Top of Supplied data
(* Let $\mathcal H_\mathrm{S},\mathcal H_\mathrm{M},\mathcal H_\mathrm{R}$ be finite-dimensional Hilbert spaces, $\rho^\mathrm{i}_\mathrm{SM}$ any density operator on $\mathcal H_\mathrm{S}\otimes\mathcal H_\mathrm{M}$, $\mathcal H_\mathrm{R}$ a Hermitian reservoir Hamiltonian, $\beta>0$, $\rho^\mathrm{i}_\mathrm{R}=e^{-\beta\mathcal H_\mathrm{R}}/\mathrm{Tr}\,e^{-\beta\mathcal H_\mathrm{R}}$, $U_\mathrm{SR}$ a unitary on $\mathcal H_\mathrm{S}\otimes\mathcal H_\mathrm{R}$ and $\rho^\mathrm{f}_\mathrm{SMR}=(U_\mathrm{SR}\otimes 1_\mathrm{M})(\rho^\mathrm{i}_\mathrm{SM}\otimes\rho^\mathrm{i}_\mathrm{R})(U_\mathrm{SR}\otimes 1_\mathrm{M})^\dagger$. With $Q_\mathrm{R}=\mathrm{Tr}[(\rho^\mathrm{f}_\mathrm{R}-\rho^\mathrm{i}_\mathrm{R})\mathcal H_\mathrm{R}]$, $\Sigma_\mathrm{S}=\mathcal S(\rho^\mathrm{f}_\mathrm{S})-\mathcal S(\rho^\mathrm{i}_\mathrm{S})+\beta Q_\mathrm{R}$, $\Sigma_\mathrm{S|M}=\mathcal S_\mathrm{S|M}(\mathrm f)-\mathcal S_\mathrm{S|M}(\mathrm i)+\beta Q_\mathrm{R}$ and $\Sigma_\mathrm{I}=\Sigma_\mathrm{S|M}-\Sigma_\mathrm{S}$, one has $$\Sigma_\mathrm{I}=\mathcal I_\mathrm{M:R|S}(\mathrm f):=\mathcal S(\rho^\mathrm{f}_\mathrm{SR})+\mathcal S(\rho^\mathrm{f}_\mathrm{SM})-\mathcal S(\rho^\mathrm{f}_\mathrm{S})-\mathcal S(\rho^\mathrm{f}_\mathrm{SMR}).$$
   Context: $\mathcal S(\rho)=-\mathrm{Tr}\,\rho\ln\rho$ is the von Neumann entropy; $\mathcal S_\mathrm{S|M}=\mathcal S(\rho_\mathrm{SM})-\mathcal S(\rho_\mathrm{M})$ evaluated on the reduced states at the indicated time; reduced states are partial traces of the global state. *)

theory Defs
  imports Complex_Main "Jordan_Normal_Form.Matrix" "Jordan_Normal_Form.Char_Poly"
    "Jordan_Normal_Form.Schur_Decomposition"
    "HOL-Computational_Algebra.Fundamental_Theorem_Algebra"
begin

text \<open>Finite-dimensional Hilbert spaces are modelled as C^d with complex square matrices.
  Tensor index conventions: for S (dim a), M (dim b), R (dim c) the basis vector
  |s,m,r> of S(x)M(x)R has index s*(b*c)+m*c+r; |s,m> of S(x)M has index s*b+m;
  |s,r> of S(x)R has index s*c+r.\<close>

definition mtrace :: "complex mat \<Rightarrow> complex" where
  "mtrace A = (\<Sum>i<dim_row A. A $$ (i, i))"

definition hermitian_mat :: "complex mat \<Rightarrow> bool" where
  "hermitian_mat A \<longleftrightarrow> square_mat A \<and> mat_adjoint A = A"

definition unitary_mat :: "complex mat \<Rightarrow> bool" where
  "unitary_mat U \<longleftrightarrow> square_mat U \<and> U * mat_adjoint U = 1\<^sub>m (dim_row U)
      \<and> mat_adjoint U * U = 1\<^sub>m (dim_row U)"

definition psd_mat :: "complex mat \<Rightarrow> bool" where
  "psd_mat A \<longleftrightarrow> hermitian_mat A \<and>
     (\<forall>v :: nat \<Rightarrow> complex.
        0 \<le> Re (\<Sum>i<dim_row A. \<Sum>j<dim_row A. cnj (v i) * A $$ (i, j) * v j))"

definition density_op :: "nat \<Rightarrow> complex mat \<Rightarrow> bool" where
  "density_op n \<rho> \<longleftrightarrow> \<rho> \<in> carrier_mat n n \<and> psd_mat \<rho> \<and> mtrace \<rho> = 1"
Bottom of Supplied data
Top of Supplied data
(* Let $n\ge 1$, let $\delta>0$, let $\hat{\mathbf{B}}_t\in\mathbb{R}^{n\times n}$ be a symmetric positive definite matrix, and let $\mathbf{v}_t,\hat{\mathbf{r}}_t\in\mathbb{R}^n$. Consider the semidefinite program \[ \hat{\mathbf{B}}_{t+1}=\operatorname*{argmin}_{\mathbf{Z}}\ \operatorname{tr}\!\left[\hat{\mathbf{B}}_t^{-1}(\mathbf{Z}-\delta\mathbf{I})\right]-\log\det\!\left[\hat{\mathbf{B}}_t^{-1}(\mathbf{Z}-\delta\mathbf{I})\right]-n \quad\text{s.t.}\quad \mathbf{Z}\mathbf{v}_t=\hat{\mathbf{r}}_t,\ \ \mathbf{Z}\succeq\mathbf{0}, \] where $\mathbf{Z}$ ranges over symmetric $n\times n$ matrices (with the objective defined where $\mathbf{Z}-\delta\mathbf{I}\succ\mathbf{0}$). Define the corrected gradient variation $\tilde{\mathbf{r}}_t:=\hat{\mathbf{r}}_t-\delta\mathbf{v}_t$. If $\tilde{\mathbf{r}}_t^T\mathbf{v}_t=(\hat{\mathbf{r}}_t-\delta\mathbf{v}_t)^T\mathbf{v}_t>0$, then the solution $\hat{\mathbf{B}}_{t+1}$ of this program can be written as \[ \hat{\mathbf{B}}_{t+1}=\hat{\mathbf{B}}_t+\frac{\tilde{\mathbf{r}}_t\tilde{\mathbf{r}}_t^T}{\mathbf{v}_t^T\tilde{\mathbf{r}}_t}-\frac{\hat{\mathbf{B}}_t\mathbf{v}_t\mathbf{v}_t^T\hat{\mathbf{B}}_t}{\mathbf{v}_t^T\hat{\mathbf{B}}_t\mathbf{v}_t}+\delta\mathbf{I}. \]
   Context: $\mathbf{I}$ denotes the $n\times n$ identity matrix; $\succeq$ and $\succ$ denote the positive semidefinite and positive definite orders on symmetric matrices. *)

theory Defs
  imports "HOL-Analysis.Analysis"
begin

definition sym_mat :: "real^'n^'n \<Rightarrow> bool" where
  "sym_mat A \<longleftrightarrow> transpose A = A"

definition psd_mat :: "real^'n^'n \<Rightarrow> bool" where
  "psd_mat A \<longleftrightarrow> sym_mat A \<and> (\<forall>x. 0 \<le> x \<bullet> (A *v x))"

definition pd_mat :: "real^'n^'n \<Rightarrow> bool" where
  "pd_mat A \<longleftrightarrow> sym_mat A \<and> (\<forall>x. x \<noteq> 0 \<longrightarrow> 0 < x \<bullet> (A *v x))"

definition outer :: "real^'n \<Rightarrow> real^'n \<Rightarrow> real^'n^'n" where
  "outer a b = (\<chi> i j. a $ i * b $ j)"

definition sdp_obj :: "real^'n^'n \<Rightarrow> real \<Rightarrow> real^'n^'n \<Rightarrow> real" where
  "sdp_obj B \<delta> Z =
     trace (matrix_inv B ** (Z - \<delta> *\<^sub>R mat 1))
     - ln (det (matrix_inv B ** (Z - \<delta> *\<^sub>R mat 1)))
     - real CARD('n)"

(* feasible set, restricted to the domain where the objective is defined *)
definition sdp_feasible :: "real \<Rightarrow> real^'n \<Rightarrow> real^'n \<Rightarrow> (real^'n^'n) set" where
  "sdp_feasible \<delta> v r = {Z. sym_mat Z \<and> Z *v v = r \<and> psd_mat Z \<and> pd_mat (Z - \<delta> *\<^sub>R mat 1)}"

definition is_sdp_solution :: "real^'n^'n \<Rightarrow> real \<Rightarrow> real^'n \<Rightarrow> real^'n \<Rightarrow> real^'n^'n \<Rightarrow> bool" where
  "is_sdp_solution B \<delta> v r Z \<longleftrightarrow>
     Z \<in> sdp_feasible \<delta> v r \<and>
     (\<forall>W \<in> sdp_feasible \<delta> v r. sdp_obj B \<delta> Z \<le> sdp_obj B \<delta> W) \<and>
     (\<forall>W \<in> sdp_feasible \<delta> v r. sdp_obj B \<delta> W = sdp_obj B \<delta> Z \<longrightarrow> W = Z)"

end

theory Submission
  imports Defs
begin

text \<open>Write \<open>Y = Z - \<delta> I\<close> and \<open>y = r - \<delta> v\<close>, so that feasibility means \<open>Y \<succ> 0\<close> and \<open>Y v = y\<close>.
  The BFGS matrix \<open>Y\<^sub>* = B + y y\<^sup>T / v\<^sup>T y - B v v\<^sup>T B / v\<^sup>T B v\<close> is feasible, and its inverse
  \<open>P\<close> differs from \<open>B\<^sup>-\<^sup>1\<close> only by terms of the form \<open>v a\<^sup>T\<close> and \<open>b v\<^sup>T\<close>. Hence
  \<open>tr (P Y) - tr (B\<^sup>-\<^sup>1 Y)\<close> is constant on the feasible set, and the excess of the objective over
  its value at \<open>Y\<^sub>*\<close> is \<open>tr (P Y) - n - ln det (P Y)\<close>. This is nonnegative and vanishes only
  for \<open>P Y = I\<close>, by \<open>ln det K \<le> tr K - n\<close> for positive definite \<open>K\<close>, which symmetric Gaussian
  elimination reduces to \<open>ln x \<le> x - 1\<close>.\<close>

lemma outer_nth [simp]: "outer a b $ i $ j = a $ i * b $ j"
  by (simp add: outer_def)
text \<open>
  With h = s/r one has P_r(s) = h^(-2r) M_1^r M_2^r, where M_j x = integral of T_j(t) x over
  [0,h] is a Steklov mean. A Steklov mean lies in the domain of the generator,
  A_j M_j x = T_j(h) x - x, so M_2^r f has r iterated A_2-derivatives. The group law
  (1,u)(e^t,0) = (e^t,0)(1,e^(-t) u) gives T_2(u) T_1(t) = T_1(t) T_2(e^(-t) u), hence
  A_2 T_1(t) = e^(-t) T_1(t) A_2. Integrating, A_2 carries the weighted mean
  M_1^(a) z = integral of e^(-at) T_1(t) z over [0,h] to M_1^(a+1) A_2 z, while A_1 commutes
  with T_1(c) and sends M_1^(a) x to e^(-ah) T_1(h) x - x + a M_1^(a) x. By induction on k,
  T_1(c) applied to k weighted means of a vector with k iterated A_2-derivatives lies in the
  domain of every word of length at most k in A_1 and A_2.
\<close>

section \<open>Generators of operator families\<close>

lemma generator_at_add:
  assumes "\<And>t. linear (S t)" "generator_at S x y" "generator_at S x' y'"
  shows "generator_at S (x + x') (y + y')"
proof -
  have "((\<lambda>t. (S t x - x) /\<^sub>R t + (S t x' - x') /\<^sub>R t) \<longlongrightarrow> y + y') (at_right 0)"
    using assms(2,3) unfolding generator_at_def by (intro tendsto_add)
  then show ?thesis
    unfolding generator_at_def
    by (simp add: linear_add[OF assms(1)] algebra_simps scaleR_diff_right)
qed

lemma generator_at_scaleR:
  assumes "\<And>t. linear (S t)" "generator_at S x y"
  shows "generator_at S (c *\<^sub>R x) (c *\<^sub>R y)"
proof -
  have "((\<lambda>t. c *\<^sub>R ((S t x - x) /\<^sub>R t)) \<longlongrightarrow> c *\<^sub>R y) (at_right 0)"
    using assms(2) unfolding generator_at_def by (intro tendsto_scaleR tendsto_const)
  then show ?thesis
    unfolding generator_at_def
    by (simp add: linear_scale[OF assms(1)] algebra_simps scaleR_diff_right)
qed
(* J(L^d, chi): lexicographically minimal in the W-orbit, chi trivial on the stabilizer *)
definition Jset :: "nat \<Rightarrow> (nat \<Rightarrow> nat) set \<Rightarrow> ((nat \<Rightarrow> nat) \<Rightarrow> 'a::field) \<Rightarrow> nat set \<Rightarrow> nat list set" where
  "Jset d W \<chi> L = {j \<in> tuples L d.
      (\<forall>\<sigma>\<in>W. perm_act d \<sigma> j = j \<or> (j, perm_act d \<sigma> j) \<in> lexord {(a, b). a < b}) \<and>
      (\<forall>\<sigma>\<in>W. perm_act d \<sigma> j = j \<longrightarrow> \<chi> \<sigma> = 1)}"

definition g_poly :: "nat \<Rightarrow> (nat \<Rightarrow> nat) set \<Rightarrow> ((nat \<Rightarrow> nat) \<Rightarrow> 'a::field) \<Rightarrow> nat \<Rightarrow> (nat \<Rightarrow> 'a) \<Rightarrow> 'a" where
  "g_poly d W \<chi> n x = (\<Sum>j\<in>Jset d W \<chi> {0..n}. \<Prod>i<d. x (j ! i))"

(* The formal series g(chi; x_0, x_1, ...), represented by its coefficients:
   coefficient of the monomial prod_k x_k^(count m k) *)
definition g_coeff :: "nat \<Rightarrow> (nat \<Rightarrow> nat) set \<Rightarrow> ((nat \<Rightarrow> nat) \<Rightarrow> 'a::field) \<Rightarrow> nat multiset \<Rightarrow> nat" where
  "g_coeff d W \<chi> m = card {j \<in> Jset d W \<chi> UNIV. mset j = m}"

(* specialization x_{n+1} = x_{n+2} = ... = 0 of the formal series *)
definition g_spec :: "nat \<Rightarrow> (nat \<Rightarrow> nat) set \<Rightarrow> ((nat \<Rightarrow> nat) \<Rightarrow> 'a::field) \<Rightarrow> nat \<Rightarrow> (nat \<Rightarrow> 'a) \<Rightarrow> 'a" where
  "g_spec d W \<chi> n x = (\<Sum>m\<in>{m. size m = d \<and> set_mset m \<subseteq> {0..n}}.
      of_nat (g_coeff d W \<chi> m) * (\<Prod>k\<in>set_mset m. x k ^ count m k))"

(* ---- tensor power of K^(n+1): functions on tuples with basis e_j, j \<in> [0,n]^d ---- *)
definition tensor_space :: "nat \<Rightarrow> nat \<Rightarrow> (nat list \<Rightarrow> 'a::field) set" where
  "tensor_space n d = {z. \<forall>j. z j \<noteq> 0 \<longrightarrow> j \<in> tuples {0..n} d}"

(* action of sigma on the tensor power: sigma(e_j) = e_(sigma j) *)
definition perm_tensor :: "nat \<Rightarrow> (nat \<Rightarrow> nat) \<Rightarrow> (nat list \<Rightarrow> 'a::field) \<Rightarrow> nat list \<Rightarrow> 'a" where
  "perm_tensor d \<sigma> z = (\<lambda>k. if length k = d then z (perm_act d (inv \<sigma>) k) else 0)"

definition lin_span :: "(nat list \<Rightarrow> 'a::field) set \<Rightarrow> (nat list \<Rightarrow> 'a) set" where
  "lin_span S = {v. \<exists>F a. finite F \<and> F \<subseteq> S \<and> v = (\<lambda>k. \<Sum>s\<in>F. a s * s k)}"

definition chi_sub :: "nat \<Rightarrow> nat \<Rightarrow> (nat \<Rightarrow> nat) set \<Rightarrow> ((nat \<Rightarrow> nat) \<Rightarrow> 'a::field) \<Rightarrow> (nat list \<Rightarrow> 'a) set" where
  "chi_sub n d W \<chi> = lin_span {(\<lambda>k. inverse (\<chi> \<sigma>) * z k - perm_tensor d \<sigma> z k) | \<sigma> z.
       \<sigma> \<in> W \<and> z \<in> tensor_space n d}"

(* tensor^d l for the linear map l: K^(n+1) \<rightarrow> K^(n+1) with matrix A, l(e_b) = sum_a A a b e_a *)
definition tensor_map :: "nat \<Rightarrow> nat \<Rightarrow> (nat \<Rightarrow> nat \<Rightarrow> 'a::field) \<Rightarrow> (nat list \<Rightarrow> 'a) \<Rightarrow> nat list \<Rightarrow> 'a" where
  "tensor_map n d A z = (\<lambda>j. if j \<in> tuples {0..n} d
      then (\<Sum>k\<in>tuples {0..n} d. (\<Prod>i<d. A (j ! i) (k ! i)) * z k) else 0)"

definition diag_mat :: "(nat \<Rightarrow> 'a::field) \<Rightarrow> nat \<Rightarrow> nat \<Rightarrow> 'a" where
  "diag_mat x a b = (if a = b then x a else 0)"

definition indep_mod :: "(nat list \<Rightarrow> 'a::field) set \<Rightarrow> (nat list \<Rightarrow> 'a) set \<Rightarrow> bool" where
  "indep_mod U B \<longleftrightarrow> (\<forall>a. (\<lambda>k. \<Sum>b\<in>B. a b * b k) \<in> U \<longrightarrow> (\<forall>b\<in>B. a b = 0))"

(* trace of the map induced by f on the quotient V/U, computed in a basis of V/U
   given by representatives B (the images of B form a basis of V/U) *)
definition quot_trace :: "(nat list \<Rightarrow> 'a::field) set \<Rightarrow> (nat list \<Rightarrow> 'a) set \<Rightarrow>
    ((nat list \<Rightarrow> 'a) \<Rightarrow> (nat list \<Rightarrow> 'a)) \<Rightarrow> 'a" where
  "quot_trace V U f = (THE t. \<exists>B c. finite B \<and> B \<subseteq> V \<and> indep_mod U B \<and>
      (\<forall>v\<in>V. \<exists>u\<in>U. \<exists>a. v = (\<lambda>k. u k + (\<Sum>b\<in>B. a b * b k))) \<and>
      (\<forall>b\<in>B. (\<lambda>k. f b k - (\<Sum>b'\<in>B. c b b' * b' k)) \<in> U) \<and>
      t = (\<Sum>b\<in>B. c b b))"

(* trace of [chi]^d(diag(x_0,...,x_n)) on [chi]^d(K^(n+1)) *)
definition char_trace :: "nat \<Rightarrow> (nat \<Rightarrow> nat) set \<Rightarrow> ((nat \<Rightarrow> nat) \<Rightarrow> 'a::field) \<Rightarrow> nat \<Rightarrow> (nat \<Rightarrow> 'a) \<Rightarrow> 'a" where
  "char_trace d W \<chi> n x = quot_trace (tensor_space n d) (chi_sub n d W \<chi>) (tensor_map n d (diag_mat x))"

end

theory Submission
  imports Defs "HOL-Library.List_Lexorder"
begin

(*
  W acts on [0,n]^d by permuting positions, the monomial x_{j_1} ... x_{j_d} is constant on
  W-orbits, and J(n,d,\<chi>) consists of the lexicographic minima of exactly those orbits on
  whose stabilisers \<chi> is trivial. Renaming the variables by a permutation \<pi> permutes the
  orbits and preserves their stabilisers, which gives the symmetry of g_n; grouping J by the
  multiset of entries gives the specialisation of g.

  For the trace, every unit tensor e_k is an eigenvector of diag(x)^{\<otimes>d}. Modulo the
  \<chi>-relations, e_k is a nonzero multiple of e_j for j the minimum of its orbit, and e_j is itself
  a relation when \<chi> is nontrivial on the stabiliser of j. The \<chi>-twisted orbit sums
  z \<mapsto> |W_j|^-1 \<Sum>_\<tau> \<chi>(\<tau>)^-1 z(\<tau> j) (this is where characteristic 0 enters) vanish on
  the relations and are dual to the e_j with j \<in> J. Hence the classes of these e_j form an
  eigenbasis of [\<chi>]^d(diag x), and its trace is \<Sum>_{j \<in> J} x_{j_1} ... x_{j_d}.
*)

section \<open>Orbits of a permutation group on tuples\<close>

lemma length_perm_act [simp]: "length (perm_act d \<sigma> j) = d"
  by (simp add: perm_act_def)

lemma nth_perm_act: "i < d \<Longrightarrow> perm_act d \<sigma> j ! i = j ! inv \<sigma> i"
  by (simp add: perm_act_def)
Bottom of Supplied data
For the word "bool", tally the lines of the entries in which it appears and give the total alone.

- Response area: 9